### [Listed records]
lemma Cb_cong:
  assumes "topspace T \<subseteq> carrier G" "f \<in> Cb G T nm" "\<And>x. x \<in> carrier G \<Longrightarrow> f x = h x"
  shows "h \<in> Cb G T nm"
proof -
  have "\<exists>U. openin T U \<and> x \<in> U \<and> (\<forall>y\<in>U. nm (h y - h x) < \<epsilon>)"
    if x: "x \<in> carrier G" and "\<epsilon> > 0" for x \<epsilon>
  proof -
    obtain U where U: "openin T U" "x \<in> U" "\<forall>y\<in>U. nm (f y - f x) < \<epsilon>"
      using CbD(1)[OF assms(2) x \<open>\<epsilon> > 0\<close>] by blast
    moreover have "U \<subseteq> carrier G"
      using openin_subset[OF U(1)] assms(1) by blast
    ultimately show ?thesis
      using assms(3) x by (metis subsetD)
  qed
  moreover have "\<exists>B. \<forall>x\<in>carrier G. nm (h x) \<le> B"
    using CbD(2)[OF assms(2)] assms(3) by metis
  ultimately show ?thesis
    unfolding Cb_def by blast
qed

lemma dual_space_linear: "l \<in> dual_space av sc nm \<Longrightarrow> K_linear sc l"
  unfolding dual_space_def by blast

lemma K_linear_zero: "K_linear sc l \<Longrightarrow> l 0 = 0"
  unfolding K_linear_def by (metis add.right_neutral add_left_cancel)

lemma dual_space_le_op_norm:
  assumes "nonarch_abs av" "normed_KVS av sc nm" "l \<in> dual_space av sc nm"
  shows "av (l v) \<le> op_norm av nm l * nm v"
proof (cases "nm v = 0")
  case True
  then have "v = 0"
    using assms(2) unfolding normed_KVS_def by blast
  moreover have "av 0 = 0"
    using assms(1) unfolding nonarch_abs_def by blast
  ultimately show ?thesis
    using K_linear_zero[OF dual_space_linear[OF assms(3)]] True by simp
next
  case False
  then have pos: "nm v > 0"
    using ultrametric_nonneg[OF normed_KVS_ultrametric[OF assms(1,2)], of v] by simp
  define S where "S = {C. C \<ge> 0 \<and> (\<forall>x. av (l x) \<le> C * nm x)}"
  have "S \<noteq> {}"
    using assms(3) unfolding dual_space_def S_def by auto
  then have "av (l v) / nm v \<le> Inf S"
    by (rule cInf_greatest) (use pos in \<open>auto simp: S_def divide_le_eq\<close>)
  then show ?thesis
    using pos unfolding op_norm_def S_def by (simp add: divide_le_eq)
qed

### [Work required]
Only one stretch is wanted, so please give again exactly the lines from the start of the data through the line containing "U \<and> (\<forall>y\<in>U.", both ends included.

### [Result]
lemma Cb_cong:
  assumes "topspace T \<subseteq> carrier G" "f \<in> Cb G T nm" "\<And>x. x \<in> carrier G \<Longrightarrow> f x = h x"
  shows "h \<in> Cb G T nm"
proof -
  have "\<exists>U. openin T U \<and> x \<in> U \<and> (\<forall>y\<in>U. nm (h y - h x) < \<epsilon>)"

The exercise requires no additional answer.